Les résultats de l’étude montrent que la participation à une MMT réduit légèrement le nombre de postulations, un effet toutefois compensé par une forte amélioration des chances de réussite. Il est possible que ce phénomène s’explique par le fait que les personnes ayant participé à une MMT ciblent mieux leurs postulations. En moyenne, le nombre d’entretiens d’embauche augmente de 9,7% par mois.L’impact de loin le plus remarquable s’observe pendant la MMT, c’est-à-dire lorsque l’encadrement est le plus intense. Cet avantage se poursuit une fois la mesure achevée, bien qu’il s’affaiblisse un peu. Dans la moyenne des MMT adoptées, les chercheurs n’ont par contre observé aucun élément susceptible de confirmer l’existence de deux effets souvent mentionnés dans les publications scientifiques: l’effet de dissuasion (les demandeurs d’emploi se désinscrivent, car ils ne veulent pas participer à la mesure) et l’effet d’immobilisation (les recherches d’emploi diminuent pendant le cours ou le programme).

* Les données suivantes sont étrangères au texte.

lemma lex_less_first_digit: "\<not> u 0 \<Longrightarrow> v 0 \<Longrightarrow> lex_less u v"
  unfolding lex_less_def by (intro exI[of _ 0]) auto

lemma funpow_shift_funpow_shift: "(shift ^^ m) ((shift ^^ n) \<omega>) = (shift ^^ (m + n)) \<omega>"
  by (simp add: funpow_add)

lemma Omega_minus_funpow_shift: "\<omega> \<in> Omega_minus \<alpha> \<beta> \<Longrightarrow> (shift ^^ n) \<omega> \<in> Omega_minus \<alpha> \<beta>"
  unfolding Omega_minus_def by (simp add: funpow_shift_funpow_shift)

lemma Omega_plus_funpow_shift: "\<omega> \<in> Omega_plus \<alpha> \<beta> \<Longrightarrow> (shift ^^ n) \<omega> \<in> Omega_plus \<alpha> \<beta>"
  unfolding Omega_plus_def by (simp add: funpow_shift_funpow_shift)

lemma Omega_ab_funpow_shift: "\<omega> \<in> Omega_ab \<alpha> \<beta> \<Longrightarrow> (shift ^^ n) \<omega> \<in> Omega_ab \<alpha> \<beta>"
  unfolding Omega_ab_def using Omega_minus_funpow_shift Omega_plus_funpow_shift by blast

locale admissible_pair =
  fixes \<alpha> \<beta> :: bstr
  assumes admissible: "admissible \<alpha> \<beta>"
begin

lemma alpha_0: "\<not> \<alpha> 0" and beta_0: "\<beta> 0"
  using admissible unfolding admissible_def by auto

lemma alpha_in_Omega_minus: "\<alpha> \<in> Omega_minus \<alpha> \<beta>"
  using admissible unfolding admissible_def Omega_minus_def by auto

lemma beta_in_Omega_plus: "\<beta> \<in> Omega_plus \<alpha> \<beta>"
  using admissible unfolding admissible_def Omega_plus_def by auto

lemma funpow_shift_alpha_in_Omega_ab: "(shift ^^ n) \<alpha> \<in> Omega_ab \<alpha> \<beta>"
  unfolding Omega_ab_def using alpha_in_Omega_minus Omega_minus_funpow_shift by blast

lemma funpow_shift_beta_in_Omega_ab: "(shift ^^ n) \<beta> \<in> Omega_ab \<alpha> \<beta>"
  unfolding Omega_ab_def using beta_in_Omega_plus Omega_plus_funpow_shift by blast

lemma alpha_in_Omega_ab: "\<alpha> \<in> Omega_ab \<alpha> \<beta>"
  using funpow_shift_alpha_in_Omega_ab[of 0] by simp

lemma beta_in_Omega_ab: "\<beta> \<in> Omega_ab \<alpha> \<beta>"
  using funpow_shift_beta_in_Omega_ab[of 0] by simp

lemma Omega_minus_digit_0:
  assumes "u \<in> Omega_minus \<alpha> \<beta>" "\<not> u 0"
  shows "lex_le u \<alpha>"
proof -
  have "\<not> (lex_less \<alpha> u \<and> lex_le u \<beta>)"
    using assms(1) unfolding Omega_minus_def by (auto dest!: spec[where x=0])
  then show ?thesis
    using lex_less_first_digit[of u \<beta>, OF assms(2) beta_0] lex_less_linear[of u \<alpha>] unfolding lex_le_def by blast
qed

lemma Omega_plus_digit_0:
  assumes "u \<in> Omega_plus \<alpha> \<beta>" "\<not> u 0"
  shows "lex_less u \<alpha>"
proof -
  have "\<not> (lex_le \<alpha> u \<and> lex_less u \<beta>)"
    using assms(1) unfolding Omega_plus_def by (auto dest!: spec[where x=0])
  then show ?thesis
    using lex_less_first_digit[of u \<beta>, OF assms(2) beta_0] lex_less_linear[of u \<alpha>] unfolding lex_le_def by blast
qed

lemma Omega_minus_digit_1:
  assumes "v \<in> Omega_minus \<alpha> \<beta>" "v 0"
  shows "lex_less \<beta> v"
proof -
  have "\<not> (lex_less \<alpha> v \<and> lex_le v \<beta>)"
    using assms(1) unfolding Omega_minus_def by (auto dest!: spec[where x=0])
  then show ?thesis
    using lex_less_first_digit[of \<alpha> v, OF alpha_0 assms(2)] lex_less_linear[of v \<beta>] unfolding lex_le_def by blast
qed

lemma Omega_plus_digit_1:
  assumes "v \<in> Omega_plus \<alpha> \<beta>" "v 0"
  shows "lex_le \<beta> v"
proof -
  have "\<not> (lex_le \<alpha> v \<and> lex_less v \<beta>)"
    using assms(1) unfolding Omega_plus_def by (auto dest!: spec[where x=0])
  then show ?thesis
    using lex_less_first_digit[of \<alpha> v, OF alpha_0 assms(2)] lex_less_linear[of v \<beta>] unfolding lex_le_def by blast
qed

lemma Omega_ab_digit_0: "u \<in> Omega_ab \<alpha> \<beta> \<Longrightarrow> \<not> u 0 \<Longrightarrow> lex_le u \<alpha>"
  unfolding Omega_ab_def lex_le_def using Omega_minus_digit_0 Omega_plus_digit_0 lex_le_def by blast

lemma Omega_ab_digit_1: "v \<in> Omega_ab \<alpha> \<beta> \<Longrightarrow> v 0 \<Longrightarrow> lex_le \<beta> v"
  unfolding Omega_ab_def lex_le_def using Omega_minus_digit_1 Omega_plus_digit_1 lex_le_def by blast

end

subsection \<open>Parameters at which the first digit decides the order\<close>

definition digit_ordered :: "bstr \<Rightarrow> bstr \<Rightarrow> real \<Rightarrow> bool" where
  "digit_ordered \<alpha> \<beta> y \<longleftrightarrow>
     (\<forall>u\<in>Omega_ab \<alpha> \<beta>. \<forall>v\<in>Omega_ab \<alpha> \<beta>. \<not> u 0 \<longrightarrow> v 0 \<longrightarrow> bin_series u y \<le> bin_series v y)"

lemma digit_ordered_le_half:
  assumes "0 \<le> y" "y \<le> 1/2"
  shows "digit_ordered \<alpha> \<beta> y"
  unfolding digit_ordered_def
proof (intro ballI impI)
  fix u v :: bstr assume "\<not> u 0" "v 0"
  have y1: "y < 1" using assms by simp
  have "y * bin_series (shift u) y \<le> y * (1 / (1 - y))"
    using bin_series_le[OF assms(1) y1] assms by (intro mult_left_mono) auto
  also have "\<dots> \<le> 1" using assms by (simp add: field_simps)
  finally have "bin_series u y \<le> 1"
    using bin_series_unfold[OF assms(1) y1, of u] \<open>\<not> u 0\<close> by (simp add: bit_def)
  moreover have "1 \<le> bin_series v y"
    using bin_series_unfold[OF assms(1) y1, of v] bin_series_nonneg[OF assms(1) y1] \<open>v 0\<close> assms(1)
    by (simp add: bit_def)
  ultimately show "bin_series u y \<le> bin_series v y" by linarith
qed

context admissible_pair
begin

lemma digit_ordered_le_alpha:
  assumes "0 \<le> y" "y < 1" "digit_ordered \<alpha> \<beta> y" "u \<in> Omega_ab \<alpha> \<beta>" "\<not> u 0"
  shows "bin_series u y \<le> bin_series \<alpha> y"
proof (cases "u = \<alpha>")
  case False
  then obtain n where n: "\<forall>k<n. u k = \<alpha> k" "\<not> u n" "\<alpha> n"
    using Omega_ab_digit_0[OF assms(4,5)] unfolding lex_le_def lex_less_def by blast
  show ?thesis
  proof (rule bin_series_mono_common_prefix[OF assms(1,2) n(1)])
    show "bin_series ((shift ^^ n) u) y \<le> bin_series ((shift ^^ n) \<alpha>) y"
      using assms(3) Omega_ab_funpow_shift[OF assms(4)] funpow_shift_alpha_in_Omega_ab n
      unfolding digit_ordered_def by (simp add: funpow_shift)
  qed
qed simp

lemma digit_ordered_beta_le:
  assumes "0 \<le> y" "y < 1" "digit_ordered \<alpha> \<beta> y" "v \<in> Omega_ab \<alpha> \<beta>" "v 0"
  shows "bin_series \<beta> y \<le> bin_series v y"
proof (cases "v = \<beta>")
  case False
  then obtain n where n: "\<forall>k<n. \<beta> k = v k" "\<not> \<beta> n" "v n"
    using Omega_ab_digit_1[OF assms(4,5)] unfolding lex_le_def lex_less_def by blast
  show ?thesis
  proof (rule bin_series_mono_common_prefix[OF assms(1,2) n(1)])
    show "bin_series ((shift ^^ n) \<beta>) y \<le> bin_series ((shift ^^ n) v) y"
      using assms(3) Omega_ab_funpow_shift[OF assms(4)] funpow_shift_beta_in_Omega_ab n
      unfolding digit_ordered_def by (simp add: funpow_shift)
  qed
qed simp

Les programmes d’occupation tsont les plus efficaces

Les cantons utilisent une très vaste gamme de MMT: dans les cinq cantons étudiés, les chômeurs ont participé à plus de 1200 différentes mesures durant la période d’évaluation (d’avril 2012 à mars 2013). Pour les besoins de l’évaluation, les chercheurs les ont classé en sept catégories en fonction de leurs caractéristiques principales (voir graphique 2).La catégorie des stages de formation et des stages professionnels est la seule à afficher un résultat négatif, très marqué qui plus est (–12%). Ce phénomène pourrait s’expliquer par la volonté des stagiaires de terminer leur période de formation ou par leur espoir de voir le stage aboutir à un engagement ferme.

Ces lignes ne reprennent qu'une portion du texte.